I've also had it with tomato-cream sauce. I didn't like that as well - the tomato flavor was too diluted with cream for my taste. HTH.


----------



## pacanis (Apr 22, 2008)

There's a whole bunch a recipes here http://www.discusscooking.com/forums/f20/gnocchi-how-sauce-43329.html
You must have been away that day


----------



## GB (Apr 22, 2008)

Thank you both. pacanis I must have been in the woodshed the day that other thread was posted 

I was thinking of a butter sage sauce, but kind of wanted to try something else. I think I may just end up doing that though.


----------



## Lizannd (Apr 22, 2008)

*Since they are already made with pesto I would probable*

keep it to simple garlic, olive oil a little cheese and a few torn fresh basil leaves is you have some.


----------



## urmaniac13 (Apr 22, 2008)

If you like the flavour of gorgonzola, I can suggest 2 lovely possibilities.

(Note that I can't eat gorgonzola raw by itself, but in a sauce I adore the flavour... I just discovered that a few years ago.  Even if you feel revolted at the sight of a raw bleu cheese, it may well be worth a try... )

1. gorgonzola and bacon and walnuts

lightly toast the walnuts and crush them.  Melt the gorgonzola in a double boiler, add some cream to make it into your prefered consistency and until the mixture gets smooth and thoroughly heated but not boiling.  Mix in the walnuts and crispy, crumbled bacon (real bacon, please don't use bac-Os).

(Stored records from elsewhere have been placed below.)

(* Let $\mathbf{\Phi}\in\mathbb{R}^{m\times n}$ be a measurement matrix and $c>1$. Then OMP$_{cK}$ perfectly recovers any $K$-sparse signal $\mathbf{x}\in\mathbb{R}^n$ from the measurements $\mathbf{y}=\mathbf{\Phi}\mathbf{x}$ (i.e. $\hat{\mathbf{x}}^{\lceil cK\rceil}=\mathbf{x}$) if $$c\;\ge\;-\frac{4(1+\delta)}{1-\delta}\,\log\!\left(\frac12-\sqrt{\frac{\delta}{2+2\delta}}\right),\qquad\text{where }\delta:=\delta_{\lfloor (c+1)K\rfloor},$$ and $\log$ is the natural logarithm.
   Context: Orthogonal matching pursuit (OMP): given $\mathbf{y}\in\mathbb{R}^m$ and $\mathbf{\Phi}\in\mathbb{R}^{m\times n}$ with columns $\phi_1,\dots,\phi_n$, set $T^0=\emptyset$, $\mathbf{r}^0=\mathbf{y}$, and for $k=1,2,\dots$: choose $t^k\in\arg\max_{i}|\langle \mathbf{r}^{k-1},\phi_i\rangle|$; set $T^k=T^{k-1}\cup\{t^k\}$; let $\hat{\mathbf{x}}^k=\arg\min_{\mathbf{u}:\,\mathrm{supp}(\mathbf{u})=T^k}\|\mathbf{y}-\mathbf{\Phi}\mathbf{u}\|_2$; set $\mathbf{r}^k=\mathbf{y}-\mathbf{\Phi}\hat{\mathbf{x}}^k$. OMP$_{cK}$ is OMP run for $\lceil cK\rceil$ iterations, outputting $\hat{\mathbf{x}}^{\lceil cK\rceil}$. A vector is $K$-sparse if it has at most $K$ nonzero entries. The restricted isometry constant $\delta_j$ of $\mathbf{\Phi}$ is the smallest $\delta\ge0$ such that $(1-\delta)\|\mathbf{v}\|_2^2\le\|\mathbf{\Phi}\mathbf{v}\|_2^2\le(1+\delta)\|\mathbf{v}\|_2^2$ for every $j$-sparse $\mathbf{v}\in\mathbb{R}^n$. *)

theory Defs
  imports "HOL-Analysis.Analysis"
begin

definition supp :: "real^'n \<Rightarrow> 'n set" where
  "supp v = {i. v $ i \<noteq> 0}"

definition sparse :: "nat \<Rightarrow> real^'n \<Rightarrow> bool" where
  "sparse K v \<longleftrightarrow> card (supp v) \<le> K"

definition ric :: "real^'n^'m \<Rightarrow> nat \<Rightarrow> real" where
  "ric Phi j = Inf {d. d \<ge> 0 \<and> (\<forall>v. sparse j v \<longrightarrow>
      (1 - d) * (norm v)^2 \<le> (norm (Phi *v v))^2 \<and>
      (norm (Phi *v v))^2 \<le> (1 + d) * (norm v)^2)}"

definition ls_min :: "real^'n^'m \<Rightarrow> real^'m \<Rightarrow> 'n set \<Rightarrow> real^'n \<Rightarrow> bool" where
  "ls_min Phi y T u \<longleftrightarrow> supp u \<subseteq> T \<and>
     (\<forall>w. supp w \<subseteq> T \<longrightarrow> norm (y - Phi *v u) \<le> norm (y - Phi *v w))"

text \<open>(T, xh) is a possible execution of N iterations of OMP on (y, Phi):
  T k is the index set and xh k the estimate after iteration k (any tie-breaking
  in the arg max and any choice of least-squares minimiser is allowed).\<close>
definition omp_run :: "real^'n^'m \<Rightarrow> real^'m \<Rightarrow> nat \<Rightarrow> (nat \<Rightarrow> 'n set) \<Rightarrow> (nat \<Rightarrow> real^'n) \<Rightarrow> bool" where
  "omp_run Phi y N T xh \<longleftrightarrow>
     T 0 = {} \<and> xh 0 = 0 \<and>
     (\<forall>k. 1 \<le> k \<and> k \<le> N \<longrightarrow>
        (\<exists>t. (\<forall>i. \<bar>(y - Phi *v xh (k - 1)) \<bullet> column i Phi\<bar>
                    \<le> \<bar>(y - Phi *v xh (k - 1)) \<bullet> column t Phi\<bar>)
             \<and> T k = insert t (T (k - 1)))
        \<and> ls_min Phi y (T k) (xh k))"

end

theory Submission
  imports Defs
begin

text \<open>Write \<open>R\<^sub>j\<close> for the squared residual after \<open>j\<close> iterations, \<open>A = 1 - \<delta>\<close> and \<open>B = 1 + \<delta>\<close>.
  Since OMP picks the column most correlated with the residual, the RIP shows that one
  iteration shrinks \<open>R\<^sub>j - \<parallel>y - \<Phi>u\<parallel>\<^sup>2\<close> by the factor \<open>1 - A/(BP)\<close>, for any competitor \<open>u\<close>
  supported on the selected indices plus \<open>P\<close> others. Taking for \<open>u\<close> the signal \<open>x\<close> without
  all but its \<open>2\<^sup>i - 1\<close> largest undetected entries, a phase of \<open>\<lfloor>c 2\<^sup>i / 4\<rfloor>\<close> iterations brings \<open>R\<close>
  close to \<open>B\<close> times the energy of the removed entries. Phases \<open>i = 1, 2, \<dots>\<close> are run until
  this tail energy first drops by the factor \<open>2\<epsilon>\<close>, where \<open>\<epsilon> = exp (-cA/(4B))\<close>; the hypothesis
  on \<open>c\<close> yields \<open>\<epsilon> \<le> 1/2\<close> and \<open>4\<epsilon>(1 - \<epsilon>) \<le> A/B\<close>, and then \<open>R\<^sub>j \<ge> A \<cdot> (energy of the undetected
  entries)\<close> shows that at least \<open>2\<^sup>i\<^sup>-\<^sup>1\<close> new support indices were detected within \<open>c 2\<^sup>i\<^sup>-\<^sup>1\<close>
  iterations. Induction on the number of undetected indices puts \<open>supp x\<close> inside the selected
  set after \<open>\<lfloor>cK\<rfloor>\<close> iterations, whereupon least squares returns \<open>x\<close>.\<close>

lemma norm_squared_eq_sum: "(norm (v::real^'n))\<^sup>2 = (\<Sum>i\<in>UNIV. (v$i)\<^sup>2)"
  unfolding power2_norm_eq_inner inner_vec_def by (simp add: power2_eq_square)

lemma sum_squares_le_norm_squared: "(\<Sum>i\<in>F. ((v::real^'n)$i)\<^sup>2) \<le> (norm v)\<^sup>2"
  unfolding norm_squared_eq_sum by (rule sum_mono2) auto

lemma norm_diff_squared: "(norm (r - z))\<^sup>2 = (norm r)\<^sup>2 - 2*(r \<bullet> z) + (norm z)\<^sup>2"
  unfolding power2_norm_eq_inner
  by (simp add: inner_diff_left inner_diff_right inner_commute algebra_simps)

lemma norm_diff_scaleR_squared:
  "(norm (r - a *\<^sub>R z))\<^sup>2 = (norm r)\<^sup>2 - 2*a*(r \<bullet> z) + a\<^sup>2*(norm z)\<^sup>2"
  unfolding norm_diff_squared by (simp add: power2_eq_square)

lemma inner_matrix_vector_mult:
  "(r::real^'m) \<bullet> ((Phi::real^'n^'m) *v w) = (\<Sum>i\<in>UNIV. w$i * (r \<bullet> column i Phi))"
  by (simp add: matrix_mult_sum inner_sum_right scalar_mult_eq_scaleR)

lemma sum_linear_minus_quadratic_le:
  fixes M a :: real and w :: "'i \<Rightarrow> real"
  assumes "0 < a"
  shows "(\<Sum>i\<in>F. 2 * (M * \<bar>w i\<bar>) - a * (w i)\<^sup>2) \<le> card F * (M\<^sup>2 / a)"
proof -
  have "2 * (M * \<bar>w i\<bar>) - a * (w i)\<^sup>2 \<le> M\<^sup>2 / a" for i
  proof -
    have "a * (2 * (M * \<bar>w i\<bar>) - a * (w i)\<^sup>2) \<le> M\<^sup>2"
      using zero_le_power2[of "M - a * \<bar>w i\<bar>"] by (simp add: power2_eq_square algebra_simps)
    thus ?thesis using assms by (simp add: field_simps mult.commute)
  qed
  hence "(\<Sum>i\<in>F. 2 * (M * \<bar>w i\<bar>) - a * (w i)\<^sup>2) \<le> (\<Sum>i\<in>F. M\<^sup>2 / a)" by (rule sum_mono)
  thus ?thesis by simp
qed

lemma supp_diff_subset: "supp (u - v) \<subseteq> supp u \<union> supp v"
  unfolding supp_def by auto

lemma supp_add_subset: "supp (u + v) \<subseteq> supp u \<union> supp v"
  unfolding supp_def by auto

lemma supp_eq_empty_iff: "supp v = {} \<longleftrightarrow> v = 0"
  unfolding supp_def by (auto simp: vec_eq_iff)

lemma supp_scaleR_axis: "supp (a *\<^sub>R axis t (1::real)) \<subseteq> {t}"
  unfolding supp_def axis_def by auto

lemma matrix_vector_mult_scaleR_axis:
  "(Phi::real^'n^'m) *v (u + a *\<^sub>R axis i 1) = Phi *v u + a *\<^sub>R column i Phi"
  by (simp add: matrix_vector_right_distrib matrix_vector_mult_basis matrix_vector_mult_scaleR)

lemma mix_le_of_slow_decay:
  fixes e g a b :: real
  assumes "0 < e" "e \<le> 1/2" "0 \<le> g" "g \<le> e" "0 \<le> a" "2*e*a \<le> b"
  shows "(1-g)*b + g*(2*(1-e)*a) \<le> 2*(1-e)*b"
proof -
  have b: "0 \<le> b" using assms by (smt (verit) mult_nonneg_nonneg)
  have "e*((1-g)*b + g*(2*(1-e)*a)) = e*(1-g)*b + g*(1-e)*(2*e*a)" by (simp add: algebra_simps)
  also have "\<dots> \<le> e*(1-g)*b + g*(1-e)*b" using assms by (simp add: mult_left_mono)
  also have "\<dots> = e*b + g*(1-2*e)*b" by (simp add: algebra_simps)
  also have "\<dots> \<le> e*b + e*(1-2*e)*b" using assms b by (simp add: mult_right_mono)
  also have "\<dots> = e*(2*(1-e)*b)" by (simp add: algebra_simps)
  finally show ?thesis using assms(1) by (simp add: mult_le_cancel_left_pos)
qed

lemma mix_less_of_fast_decay:
  fixes e g a b :: real
  assumes "0 < e" "e \<le> 1/2" "0 \<le> g" "g \<le> e" "0 \<le> b" "b < 2*e*a"
  shows "(1-g)*b + g*(2*(1-e)*a) < 4*e*(1-e)*a"
proof -
  have a: "0 \<le> a" using assms by (smt (verit) mult_pos_pos zero_less_mult_iff)
  have "(1-g)*b + g*(2*(1-e)*a) < (1-g)*(2*e*a) + g*(2*(1-e)*a)"
    using assms by (simp add: mult_strict_left_mono)
  also have "\<dots> = 2*e*a + 2*(g*(1-2*e)*a)" by (simp add: algebra_simps)
  also have "\<dots> \<le> 2*e*a + 2*(e*(1-2*e)*a)" using assms a by (simp add: mult_right_mono)
  also have "\<dots> = 4*e*(1-e)*a" by (simp add: algebra_simps)
  finally show ?thesis .
qed

lemma first_sharp_drop:
  fixes t :: "nat \<Rightarrow> real"
  assumes "0 < t 0" "t n = 0" "0 < \<mu>"
  obtains L where "t (Suc L) < \<mu> * t L"
    and "\<And>i. i < L \<Longrightarrow> \<mu> * t i \<le> t (Suc i)" and "0 < t L"
proof -
  have ex: "\<exists>L. t (Suc L) < \<mu> * t L"
  proof (rule ccontr)
    assume "\<not> ?thesis"
    hence "0 < t i" for i
    proof (induction i)
      case (Suc i)
      have "0 < \<mu> * t i" using Suc.IH[OF Suc.prems] assms(3) by simp
      also have "\<dots> \<le> t (Suc i)" using Suc.prems by (simp add: not_less)
      finally show ?case .
    qed (use assms in simp)
    thus False using assms(2) by (metis less_irrefl)
  qed
  define L where "L = (LEAST L. t (Suc L) < \<mu> * t L)"
  have drop: "t (Suc L) < \<mu> * t L" unfolding L_def by (rule LeastI_ex[OF ex])
  have slow: "\<mu> * t i \<le> t (Suc i)" if "i < L" for i
    using not_less_Least[of i "\<lambda>L. t (Suc L) < \<mu> * t L"] that unfolding L_def by simp
  have "0 < t i" if "i \<le> L" for i
    using that
  proof (induction i)
    case (Suc i)
    then show ?case using slow[of i] assms(3) mult_pos_pos[of \<mu> "t i"] by linarith
  qed (use assms in simp)
  from that[OF drop slow this[of L]] show ?thesis by simp
qed

lemma sum_power2_atLeast1_atMost: "(\<Sum>l\<in>{1..i}. (2::real)^l) = 2^(i+1) - 2"
  by (induction i) (auto simp: sum.atLeast1_atMost_eq)

lemma ln_one_minus_le:
  fixes x :: real assumes "0 \<le> x" "x < 1" shows "ln (1 - x) \<le> - (2*x/(2-x))"
proof -
  define g where "g z = ln (1 - z) + 2*z/(2-z)" for z :: real
  have "g x \<le> g 0"
  proof (rule DERIV_nonpos_imp_nonincreasing[OF assms(1)])
    fix z :: real assume z: "0 \<le> z" "z \<le> x"
    hence z1: "z < 1" using assms by simp
    have "DERIV g z :> (- 1/(1-z) + 4/(2-z)^2)"
      unfolding g_def using z1 by (auto intro!: derivative_eq_intros simp: field_simps power2_eq_square)
    moreover have "4*(1-z) \<le> (2-z)^2" by (simp add: power2_eq_square algebra_simps)
    hence "- 1/(1-z) + 4/(2-z)^2 \<le> 0" using z1 by (simp add: divide_simps)
    ultimately show "\<exists>y. DERIV g z :> y \<and> y \<le> 0" by blast
  qed
  thus ?thesis unfolding g_def by simp
qed

lemma one_minus_power_le_exp:
  fixes x :: real assumes "0 \<le> x" "x \<le> 1"
  shows "(1 - x)^m \<le> exp (- real m * (2*x/(2-x)))"
proof (cases "x = 1")
  case True
  then show ?thesis by (cases m) auto
next
  case False
  hence "x < 1" using assms by simp
  hence "(1 - x)^m = exp (real m * ln (1 - x))" by (simp add: exp_of_nat_mult)
  also have "\<dots> \<le> exp (real m * (- (2*x/(2-x))))"
    using mult_left_mono[OF ln_one_minus_le[OF assms(1) \<open>x < 1\<close>], of "real m"] by simp
  finally show ?thesis by simp
qed

lemma phase_contraction_le_exp:
  fixes \<rho> \<kappa> :: real
  assumes "0 < \<rho>" "\<rho> \<le> 1" "2/3 \<le> \<rho> * \<kappa>" "1 \<le> i"
  shows "(1 - \<rho> / real (2^i - 1 :: nat)) ^ nat \<lfloor>\<kappa> * 2^i\<rfloor> \<le> exp (- \<rho> * \<kappa>)"
proof -
  define P where "P = real (2^i - 1 :: nat)"
  define m where "m = nat \<lfloor>\<kappa> * 2^i\<rfloor>"
  have "(2::nat) \<le> 2^i" "(2::real) \<le> 2^i"
    using power_increasing[OF assms(4), of "2::nat"] power_increasing[OF assms(4), of "2::real"] by simp_all
  hence P: "1 \<le> P" "P + 1 = 2^i" unfolding P_def by (simp_all add: of_nat_diff)
  have "0 < \<kappa>" using zero_less_mult_pos[of \<rho> \<kappa>] assms by simp
  hence m: "\<kappa> * 2^i - 1 \<le> real m" unfolding m_def by linarith
  have "2 * \<rho> \<le> 2/3 * (2 + \<rho>)" using assms(2) by simp
  also have "\<dots> \<le> \<rho> * \<kappa> * (2 + \<rho>)" using assms by (intro mult_right_mono) auto
  finally have "2 * \<rho> \<le> \<rho> * \<kappa> * (2 + \<rho>)" .
  moreover have "(\<kappa> * 2^i - 1) * (2*\<rho>) - \<rho> * \<kappa> * (2*P - \<rho>) = \<rho> * \<kappa> * (2 + \<rho>) - 2 * \<rho>"
    unfolding P(2)[symmetric] by (simp add: algebra_simps)
  ultimately have "\<rho> * \<kappa> * (2*P - \<rho>) \<le> (\<kappa> * 2^i - 1) * (2*\<rho>)" by linarith
  also have "\<dots> \<le> real m * (2*\<rho>)" using m assms(1) by (simp add: mult_right_mono)
  finally have "\<rho> * \<kappa> \<le> real m * (2*(\<rho>/P)/(2-\<rho>/P))"
    using P assms by (simp add: field_simps)
  hence "exp (- real m * (2*(\<rho>/P)/(2-\<rho>/P))) \<le> exp (- \<rho> * \<kappa>)" by simp
  moreover have "(1 - \<rho>/P)^m \<le> exp (- real m * (2*(\<rho>/P)/(2-\<rho>/P)))"
    using assms P by (intro one_minus_power_le_exp) (auto simp: divide_le_eq)
  ultimately show "(1 - \<rho> / real (2^i - 1 :: nat)) ^ m \<le> exp (- \<rho> * \<kappa>)"
    unfolding P_def[symmetric] by linarith
qed

lemma omp_rate_root:
  fixes d :: real
  assumes "0 \<le> d" "d < 1"
  defines "q \<equiv> 1/2 - sqrt (d / (2 + 2 * d))"
  shows "0 < q" "q \<le> 1/2" "4 * q * (1 - q) = (1 - d) / (1 + d)"
proof -
  define a where "a = sqrt (d / (2 + 2 * d))"
  have a: "0 \<le> a" "a^2 = d / (2 + 2 * d)" unfolding a_def using assms by simp_all
  have "d / (2 + 2 * d) < 1/4" using assms by (simp add: divide_simps)
  hence "a^2 < (1/2)^2" using a by (simp add: power2_eq_square)
  hence "a < 1/2" using power2_less_imp_less[of a "1/2"] by simp
  thus "0 < q" "q \<le> 1/2" using a unfolding q_def a_def[symmetric] by auto
  have "4 * q * (1 - q) = 1 - 4 * a^2" unfolding q_def a_def[symmetric] by (simp add: power2_eq_square algebra_simps)
  thus "4 * q * (1 - q) = (1 - d) / (1 + d)" using a assms by (simp add: field_simps)
qed
lemma red_map_push: "red (map q (push x w)) = red (q x # map q w)"
  by (cases w) (auto simp: red_Cons push_push successively_red)

lemma red_map_red [simp]: "red (map q (red xs)) = red (map q xs)"
  by (induction xs) (simp_all add: red_Cons red_map_push)

lemma wf_graph_edge: "wf_graph K \<Longrightarrow> (x, y) \<in> E K \<Longrightarrow> x \<in> V K \<and> y \<in> V K"
  unfolding wf_graph_def by blast

lemma wf_graph_quot_graph: "wf_graph K \<Longrightarrow> wf_graph (quot_graph q K)"
  unfolding wf_graph_def quot_graph_def map_edges_def by (auto; blast)

lemma graph_iso_quot_graph:
  assumes "\<And>v. g (h v) = v"
  shows "graph_iso g (quot_graph h K) K"
proof -
  have "inj h" by (metis assms injI)
  then have "(h x, h y) \<in> map_edges h (E K) \<longleftrightarrow> (x, y) \<in> E K" for x y
    by (auto simp: map_edges_def inj_eq)
  moreover have "bij_betw g (h ` V K) (V K)"
    by (rule bij_betw_byWitness[where f' = h]) (auto simp: assms image_iff)
  ultimately show ?thesis
    by (auto simp: graph_iso_def quot_graph_def assms)
qed

lemma fibration_wf:
  assumes "graph_fibration F" "(K, a) \<in> F"
  shows "wf_graph K" "a \<in> fwords (V K)"
  using assms unfolding graph_fibration_def by meson+

lemma fibration_iso:
  assumes "graph_fibration F" "(K, a) \<in> F" "wf_graph K'" "graph_iso \<phi> K K'"
  shows "(K', red (map \<phi> a)) \<in> F"
  using assms unfolding graph_fibration_def by meson

lemma fibration_normal:
  assumes "graph_fibration F" "wf_graph K" "Fib F K \<noteq> {}"
  shows "normal_sub (V K) (Fib F K)"
  using assms unfolding graph_fibration_def by meson
lemma indep_adversary_in_adversaries:
  "indep_adversary d r n p lam q \<in> adversaries d n lam (bit_law d r p)"
proof -
  let ?W = "Pi_pmf {..<n} (False, False, False) (\<lambda>i. contaminated_bit p (lam i) (q i))"
  let ?clean = "\<lambda>w. (fst \<circ> w, fst \<circ> snd \<circ> w)"
  let ?embed = "\<lambda>(u, b). (\<lambda>i\<in>{..<n}. bit_point d r (u i), \<lambda>i\<in>{..<n}. b i)"
  have clean_bits: "map_pmf ?clean ?W =
      pair_pmf (Pi_pmf {..<n} False (\<lambda>_. bernoulli_pmf p)) (Pi_pmf {..<n} False (\<lambda>i. bernoulli_pmf (lam i)))"
  proof -
    have "map_pmf ?clean ?W = map_pmf (\<lambda>w. (fst \<circ> w, snd \<circ> w)) (map_pmf (\<lambda>w. (\<lambda>(x, b, xt). (x, b)) \<circ> w) ?W)"
      by (simp add: pmf.map_comp o_def case_prod_beta)
    also have "map_pmf (\<lambda>w. (\<lambda>(x, b, xt). (x, b)) \<circ> w) ?W =
        Pi_pmf {..<n} (False, False) (\<lambda>i. pair_pmf (bernoulli_pmf p) (bernoulli_pmf (lam i)))"
      by (subst Pi_pmf_map[symmetric]) (simp_all add: map_pmf_clean_contaminated_bit)
    also have "map_pmf (\<lambda>w. (fst \<circ> w, snd \<circ> w)) \<dots> =
        pair_pmf (Pi_pmf {..<n} False (\<lambda>_. bernoulli_pmf p)) (Pi_pmf {..<n} False (\<lambda>i. bernoulli_pmf (lam i)))"
      by (rule map_Pi_pmf_pair_pmf) simp
    finally show ?thesis .
  qed
  have "distr (indep_adversary d r n p lam q) (Samp d n \<Otimes>\<^sub>M Bsp n) (\<lambda>(x, b, xt). (x, b)) =
      distr (measure_pmf ?W) (Samp d n \<Otimes>\<^sub>M Bsp n) (?embed \<circ> ?clean)"
  proof -
    have "(\<lambda>(x, b, xt). (x, b)) \<in> measurable (Samp d n \<Otimes>\<^sub>M (Bsp n \<Otimes>\<^sub>M Samp d n)) (Samp d n \<Otimes>\<^sub>M Bsp n)"
      by measurable
    then show ?thesis unfolding indep_adversary_def
      by (subst distr_distr) (auto simp: Pi_iff intro!: distr_cong, auto simp: bits_to_sample_def o_def)
  qed
  also have "\<dots> = distr (measure_pmf (map_pmf ?clean ?W)) (Samp d n \<Otimes>\<^sub>M Bsp n) ?embed"
    by (simp add: map_pmf_rep_eq distr_distr space_pair_measure space_Samp space_Bsp bit_point_def Pi_iff)
  also have "\<dots> = distr (measure_pmf (Pi_pmf {..<n} False (\<lambda>_. bernoulli_pmf p))) (Samp d n)
        (\<lambda>u. \<lambda>i\<in>{..<n}. bit_point d r (u i)) \<Otimes>\<^sub>M
      distr (measure_pmf (Pi_pmf {..<n} False (\<lambda>i. bernoulli_pmf (lam i)))) (Bsp n) (\<lambda>u. \<lambda>i\<in>{..<n}. u i)"
    unfolding clean_bits by (rule distr_pair_pmf) (simp_all add: space_Samp space_Bsp bit_point_def)
  also have "\<dots> = clean_law d n lam (bit_law d r p)"
    unfolding clean_law_def PiM_bernoulli_eq_distr_Pi_pmf[where dflt=False]
    by (simp add: bit_law_def Samp_def PiM_distr_measure_pmf[where dflt=False])
  finally show ?thesis
    unfolding adversaries_def
    by (auto simp: indep_adversary_def intro!: prob_space.prob_space_distr prob_space_measure_pmf)
qed

lemma measurable_zmap [measurable]:
  "zmap n \<in> measurable (Samp d n \<Otimes>\<^sub>M (Bsp n \<Otimes>\<^sub>M Samp d n)) (Samp d n)"
  unfolding zmap_def Samp_def Bsp_def case_prod_beta by measurable

lemma measurable_risk_integrand [measurable]:
  assumes "M \<in> estimators d n"
  shows "(\<lambda>\<omega>. ennreal (sqnorm d (\<lambda>c. M (zmap n \<omega>) c - \<mu> c))) \<in> borel_measurable (Samp d n \<Otimes>\<^sub>M (Bsp n \<Otimes>\<^sub>M Samp d n))"
proof -
  have [measurable]: "M \<in> measurable (Samp d n) (PiM {..<d} (\<lambda>_. borel))"
    using assms by (simp add: estimators_def Rd_def)
  show ?thesis unfolding sqnorm_def by measurable
qed

lemma risk_indep_adversary:
  assumes M: "M \<in> estimators d n" and p: "0 \<le> p" "p \<le> 1"
    and lam: "\<And>i. i < n \<Longrightarrow> 0 \<le> lam i \<and> lam i \<le> 1" and q: "\<And>i. i < n \<Longrightarrow> 0 \<le> q i \<and> q i \<le> 1"
  shows "risk d n M P (indep_adversary d r n p lam q) =
    (\<integral>\<^sup>+\<beta>. sqnorm d (\<lambda>c. M (\<lambda>i\<in>{..<n}. bit_point d r (\<beta> i)) c - mean d P c)
       \<partial>Pi_pmf {..<n} False (\<lambda>i. bernoulli_pmf ((1 - lam i) * p + lam i * q i)))"
proof -
  let ?W = "Pi_pmf {..<n} (False, False, False) (\<lambda>i. contaminated_bit p (lam i) (q i))"
  let ?g = "\<lambda>z. ennreal (sqnorm d (\<lambda>c. M z c - mean d P c))"
  have "risk d n M P (indep_adversary d r n p lam q) = (\<integral>\<^sup>+w. ?g (zmap n (bits_to_sample d r n w)) \<partial>?W)"
    unfolding risk_def indep_adversary_def using M by (subst nn_integral_distr) (auto simp: Pi_iff)
  also have "\<dots> = (\<integral>\<^sup>+w. ?g (\<lambda>i\<in>{..<n}. bit_point d r ((observed \<circ> w) i)) \<partial>?W)"
    by (intro nn_integral_cong arg_cong[where f="?g"])
      (auto simp: zmap_def bits_to_sample_def observed_def case_prod_beta)
  also have "\<dots> = (\<integral>\<^sup>+\<beta>. ?g (\<lambda>i\<in>{..<n}. bit_point d r (\<beta> i)) \<partial>map_pmf (\<lambda>w. observed \<circ> w) ?W)"
    by simp
  also have "map_pmf (\<lambda>w. observed \<circ> w) ?W =
      Pi_pmf {..<n} (observed (False, False, False)) (\<lambda>i. map_pmf observed (contaminated_bit p (lam i) (q i)))"
    by (rule Pi_pmf_map[symmetric]) simp_all
  also have "\<dots> = Pi_pmf {..<n} False (\<lambda>i. bernoulli_pmf ((1 - lam i) * p + lam i * q i))"
    by (intro Pi_pmf_cong) (simp_all add: map_pmf_observed_contaminated_bit p lam q, simp add: observed_def)
  finally show ?thesis .
qed
theorem theorem4p2:
  fixes u :: "nat \<Rightarrow> complex ^ 'd" and n :: nat and s \<delta> :: real
  assumes design: "proj_2design n u"
    and s_range: "1 \<le> s" "s \<le> real n"
    and delta: "0 < \<delta>" "\<delta> < 1"
    and s_big: "s \<ge> 4 * (sqrt (real CARD('d)) + sqrt (ln (real CARD('d) / \<delta>)))\<^sup>2"
  shows "measure_pmf.prob (Pi_pmf {..<n} False (\<lambda>_. bernoulli_pmf (s / real n)))
           {\<xi>. spans_Cd {u i | i. i < n \<and> \<xi> i}} \<ge> 1 - \<delta>"
proof -
  let ?P = "Pi_pmf {..<n} False (\<lambda>_. bernoulli_pmf (s / real n))"
  let ?F = "{\<xi>. vec.span (u ` {i \<in> {..<n}. \<xi> i}) \<noteq> UNIV}"
  have "measure_pmf.prob ?P ?F \<le> 2 ^ CARD('d) * exp (- s / 4)"
    using proj_2design_prob_not_spanning_le[OF design] s_range by simp
  also have "\<dots> \<le> \<delta>"
    using two_pow_mul_exp_le[of "CARD('d)"] delta s_big by simp
  finally have "measure_pmf.prob ?P ?F \<le> \<delta>" .
  moreover have "{u i | i. i < n \<and> \<xi> i} = u ` {i \<in> {..<n}. \<xi> i}" for \<xi>
    by auto
  then have "{\<xi>. spans_Cd {u i | i. i < n \<and> \<xi> i}} = UNIV - ?F"
    unfolding spans_Cd_def by auto
  ultimately show ?thesis
    using measure_pmf.prob_compl[of ?F ?P] by simp
qed

end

2. Quattro formaggi (4 cheese sauce)
I usually use the mixture of taleggio, fontina(or toma or bitto if we have some), gorgonzola and edam or gouda (or gruyere if we have some), but basically you can try any combination of cheeses that melts well.  
cut them in small cubes and melt in double boiler, smooth them out with some cream.  Add a dash of pepper to taste.

If you can't stand gorgonzola, here is another option...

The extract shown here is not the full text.